Items from a data source
#####

lemma remove_loops:
  assumes closed: "\<And>c. walk A c \<Longrightarrow> hd c = last c \<Longrightarrow> weight A c \<le> 0"
    and "loop_family W F e" "walk A W" "p0 < length W" "p0 \<notin> (\<Union>a\<in>F. {a..<e a})"
  shows "\<exists>V. walk A V \<and> hd V = hd W \<and> last V = last W \<and> weight A W \<le> weight A V
           \<and> length V + (\<Sum>a\<in>F. e a - a) = length W \<and> W ! p0 \<in> set V"
proof -
  have "finite F"
    using assms(2) by (simp add: loop_family_def)
  then show ?thesis
    using assms(2-)
  proof (induction F arbitrary: W p0 rule: finite_linorder_max_induct)
    case empty
    then show ?case
      by (intro exI[of _ W]) auto
  next
    case (insert b F)
    define c where "c = e b"
    define V1 where "V1 = take b W @ drop c W"
    have bc: "b < c" "c < length W" "W ! b = W ! c"
      using insert.prems(1) unfolding c_def loop_family_def by auto
    have len: "length V1 = b + (length W - c)"
      unfolding V1_def using bc by simp
    have nth_left: "V1 ! k = W ! k" if "k < b" for k
      unfolding V1_def using that bc by (simp add: nth_append)
    have nth_right: "V1 ! k = W ! (k - b + c)" if "b \<le> k" "k < length V1" for k
      unfolding V1_def using that bc by (simp add: nth_append add.commute)
    have F_before_b: "e a \<le> b" if "a \<in> F" for a
      using insert.prems(1) insert.hyps(2) that unfolding loop_family_def by auto
    have "a < e a \<and> e a < length V1 \<and> V1 ! a = V1 ! e a" if a: "a \<in> F" for a
    proof -
      have "V1 ! e a = W ! e a"
        using F_before_b[OF a] nth_left nth_right[of b] len bc by (cases "e a < b") auto
      then show ?thesis
        using insert.prems(1) a F_before_b[OF a] nth_left len bc unfolding loop_family_def by auto
    qed
    then have family: "loop_family V1 F e"
      using insert.hyps(1) insert.prems(1) unfolding loop_family_def by blast
    define p1 where "p1 = (if p0 < b then p0 else p0 - (c - b))"
    have p0_outside: "\<not> (b \<le> p0 \<and> p0 < c)"
      using insert.prems(4) c_def by auto
    then have p1: "p1 < length V1" "V1 ! p1 = W ! p0"
      using insert.prems(3) len nth_left nth_right[of p1] bc unfolding p1_def by auto
    have "p1 \<notin> {a..<e a}" if a: "a \<in> F" for a
    proof (cases "p0 < b")
      case True
      then show ?thesis
        using insert.prems(4) a unfolding p1_def by auto
    next
      case False
      then have "b \<le> p1"
        using p0_outside unfolding p1_def by auto
      then show ?thesis
        using F_before_b[OF a] by auto
    qed
    then have p1_outside: "p1 \<notin> (\<Union>a\<in>F. {a..<e a})"
      by blast
    have walk_V1: "walk A V1" and heavier: "weight A W \<le> weight A V1"
      using drop_loop[OF closed insert.prems(2) bc] unfolding V1_def by auto
    obtain V where V: "walk A V" "hd V = hd V1" "last V = last V1"
        "weight A V1 \<le> weight A V" "length V + (\<Sum>a\<in>F. e a - a) = length V1" "V1 ! p1 \<in> set V"
      using insert.IH[OF family walk_V1 p1(1) p1_outside] by blast
    have "V1 ! 0 = W ! 0"
      using nth_left[of 0] nth_right[of 0] len bc by (cases "b = 0") auto
    moreover have "V1 \<noteq> []" "W \<noteq> []"
      using len bc by auto
    ultimately have "hd V1 = hd W"
      by (simp add: hd_conv_nth)
    moreover have "last V1 = last W"
      unfolding V1_def using bc by simp
    moreover have "b \<notin> F"
      using insert.hyps(2) by blast
    then have "(\<Sum>a\<in>insert b F. e a - a) = (c - b) + (\<Sum>a\<in>F. e a - a)"
      using insert.hyps(1) c_def by simp
    ultimately show ?case
      using V p1 len bc heavier order_trans
      by (intro exI[of _ V]) auto
  qed
qed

#####

The lines to retype run from the start of the entries through the line containing "then show ?case"; reproduce them exactly and add nothing.

lemma remove_loops:
  assumes closed: "\<And>c. walk A c \<Longrightarrow> hd c = last c \<Longrightarrow> weight A c \<le> 0"
    and "loop_family W F e" "walk A W" "p0 < length W" "p0 \<notin> (\<Union>a\<in>F. {a..<e a})"
  shows "\<exists>V. walk A V \<and> hd V = hd W \<and> last V = last W \<and> weight A W \<le> weight A V
           \<and> length V + (\<Sum>a\<in>F. e a - a) = length W \<and> W ! p0 \<in> set V"
proof -
  have "finite F"
    using assms(2) by (simp add: loop_family_def)
  then show ?thesis
    using assms(2-)
  proof (induction F arbitrary: W p0 rule: finite_linorder_max_induct)
    case empty
    then show ?case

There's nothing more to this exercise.